(* Let $\mathbf B_1\subset\mathbb R^n$ be the closed ball with centre $0$ and radius $1$, and let $U\subset\mathbb R^n$ be open with $\mathbf B_1\subset U$. Then for every $\varepsilon>0$ and every compact set $F\subset\operatorname{Int}\mathbf B_1$, the map $\operatorname{res}_{F,U}\circ\mathcal R_\varepsilon$ is a bounded linear operator $\Omega^k_p(U)\to\Omega^k_\infty(F)$.
   Context: Fix $1\le p<\infty$. $\Omega^k_p(U)$ denotes the closure of the smooth $k$-forms on $U$ with respect to the $L_p$-norm $\|\omega\|_p=(\int_U|\omega|^p\,dx)^{1/p}$. $\Omega^k_\infty(F)$ denotes the space of essentially bounded $k$-forms on $F$ with the norm $\operatorname{ess\,sup}_F|\omega|$. $\operatorname{res}_{F,U}$ is restriction of forms from $U$ to $F$. Construction of $\mathcal R_\varepsilon$: let $f\colon\mathbb R^n\to\mathbb R$ be smooth, with $\operatorname{supp}f\subset\mathbf B_1$, $f\ge0$, $f(v)=f(-v)$, $\int_{\mathbb R^n}f=1$, and put $\tau(v)=f(v)\,dv^0\cdots dv^{n-1}$. Let $h$ be a diffeomorphism of $\mathbb R^n$ onto the open unit ball. For $v\in\mathbb R^n$ let $s_v(x)=x+v$ and define $\mathfrak s_v\colon U\to U$ by $\mathfrak s_v(x)=h s_v h^{-1}(x)$ for $x$ in the open unit ball and $\mathfrak s_v(x)=x$ otherwise. Then $(\mathcal R_\varepsilon\omega)(x)=\int_{\mathbb R^n}(\mathfrak s^*_{\varepsilon v}\omega)(x)\,\tau(v)$. *)

theory Defs
  imports "HOL-Analysis.Analysis"
begin

coinductive smooth_on :: "'a::euclidean_space set \<Rightarrow> ('a \<Rightarrow> 'b::real_normed_vector) \<Rightarrow> bool" where
  "\<lbrakk>\<forall>x\<in>S. f differentiable (at x);
    \<forall>i\<in>Basis. smooth_on S (\<lambda>x. frechet_derivative f (at x) i)\<rbrakk> \<Longrightarrow> smooth_on S f"

definition kcovector :: "nat \<Rightarrow> ('a::euclidean_space list \<Rightarrow> real) \<Rightarrow> bool" where
  "kcovector k \<alpha> \<longleftrightarrow>
     (\<forall>vs. length vs \<noteq> k \<longrightarrow> \<alpha> vs = 0) \<and>
     (\<forall>vs i. length vs = k \<longrightarrow> i < k \<longrightarrow> linear (\<lambda>v. \<alpha> (vs[i := v]))) \<and>
     (\<forall>vs i j. length vs = k \<longrightarrow> i < j \<longrightarrow> j < k \<longrightarrow> vs ! i = vs ! j \<longrightarrow> \<alpha> vs = 0)"

text \<open>Pointwise (Euclidean) norm of a k-covector: square root of the sum of squares of its
  coefficients with respect to the standard basis, i.e. sum over increasing multi-indices I of
  alpha(e_I)^2.  Summing over all lists of basis vectors counts each I exactly k! times
  (lists with repetitions contribute 0).\<close>
definition form_norm :: "nat \<Rightarrow> ('a::euclidean_space list \<Rightarrow> real) \<Rightarrow> real" where
  "form_norm k \<alpha> =
     sqrt ((\<Sum>bs\<in>{bs. set bs \<subseteq> Basis \<and> length bs = k}. (\<alpha> bs)\<^sup>2) / fact k)"

definition is_kform_on :: "'a::euclidean_space set \<Rightarrow> nat \<Rightarrow> ('a \<Rightarrow> 'a list \<Rightarrow> real) \<Rightarrow> bool" where
  "is_kform_on S k \<omega> \<longleftrightarrow> (\<forall>x\<in>S. kcovector k (\<omega> x))"

definition smooth_kform_on :: "'a::euclidean_space set \<Rightarrow> nat \<Rightarrow> ('a \<Rightarrow> 'a list \<Rightarrow> real) \<Rightarrow> bool" where
  "smooth_kform_on U k \<omega> \<longleftrightarrow> is_kform_on U k \<omega> \<and> (\<forall>vs. smooth_on U (\<lambda>x. \<omega> x vs))"

definition Lp_pow :: "real \<Rightarrow> nat \<Rightarrow> 'a::euclidean_space set \<Rightarrow> ('a \<Rightarrow> 'a list \<Rightarrow> real) \<Rightarrow> ennreal" where
  "Lp_pow p k U \<omega> = set_nn_integral lebesgue U (\<lambda>x. ennreal (form_norm k (\<omega> x) powr p))"

definition Lp_norm :: "real \<Rightarrow> nat \<Rightarrow> 'a::euclidean_space set \<Rightarrow> ('a \<Rightarrow> 'a list \<Rightarrow> real) \<Rightarrow> real" where
  "Lp_norm p k U \<omega> = enn2real (Lp_pow p k U \<omega>) powr (1 / p)"

definition Omega_p :: "nat \<Rightarrow> real \<Rightarrow> 'a::euclidean_space set \<Rightarrow> ('a \<Rightarrow> 'a list \<Rightarrow> real) \<Rightarrow> bool" where
  "Omega_p k p U \<omega> \<longleftrightarrow>
     is_kform_on U k \<omega> \<and>
     (\<forall>vs. (\<lambda>x. \<omega> x vs) \<in> borel_measurable (lebesgue_on U)) \<and>
     Lp_pow p k U \<omega> < \<infinity> \<and>
     (\<exists>\<phi>. (\<forall>j. smooth_kform_on U k (\<phi> j)) \<and>
          (\<lambda>j. Lp_pow p k U (\<lambda>x vs. \<phi> j x vs - \<omega> x vs)) \<longlonglongrightarrow> 0)"

definition Omega_inf :: "nat \<Rightarrow> 'a::euclidean_space set \<Rightarrow> ('a \<Rightarrow> 'a list \<Rightarrow> real) \<Rightarrow> bool" where
  "Omega_inf k F \<omega> \<longleftrightarrow>
     is_kform_on F k \<omega> \<and>
     (\<forall>vs. (\<lambda>x. \<omega> x vs) \<in> borel_measurable (lebesgue_on F)) \<and>
     (\<exists>M. AE x in lebesgue_on F. form_norm k (\<omega> x) \<le> M)"

definition pullback :: "('a::euclidean_space \<Rightarrow> 'a) \<Rightarrow> ('a \<Rightarrow> 'a list \<Rightarrow> real) \<Rightarrow> 'a \<Rightarrow> 'a list \<Rightarrow> real" where
  "pullback \<phi> \<omega> x vs = \<omega> (\<phi> x) (map (frechet_derivative \<phi> (at x)) vs)"

definition sfrak :: "('a::euclidean_space \<Rightarrow> 'a) \<Rightarrow> 'a \<Rightarrow> 'a \<Rightarrow> 'a" where
  "sfrak h v x = (if x \<in> ball 0 1 then h (inv h x + v) else x)"

definition R_eps :: "('a::euclidean_space \<Rightarrow> 'a) \<Rightarrow> ('a \<Rightarrow> real) \<Rightarrow> real \<Rightarrow>
    ('a \<Rightarrow> 'a list \<Rightarrow> real) \<Rightarrow> 'a \<Rightarrow> 'a list \<Rightarrow> real" where
  "R_eps h f \<epsilon> \<omega> x vs = (LINT v|lebesgue. pullback (sfrak h (\<epsilon> *\<^sub>R v)) \<omega> x vs * f v)"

● WHAT YOU SHOULD DO
Search the data and copy each line containing "exists".

● RESPONSE AREA
     (\<exists>\<phi>. (\<forall>j. smooth_kform_on U k (\<phi> j)) \<and>
     (\<exists>M. AE x in lebesgue_on F. form_norm k (\<omega> x) \<le> M)"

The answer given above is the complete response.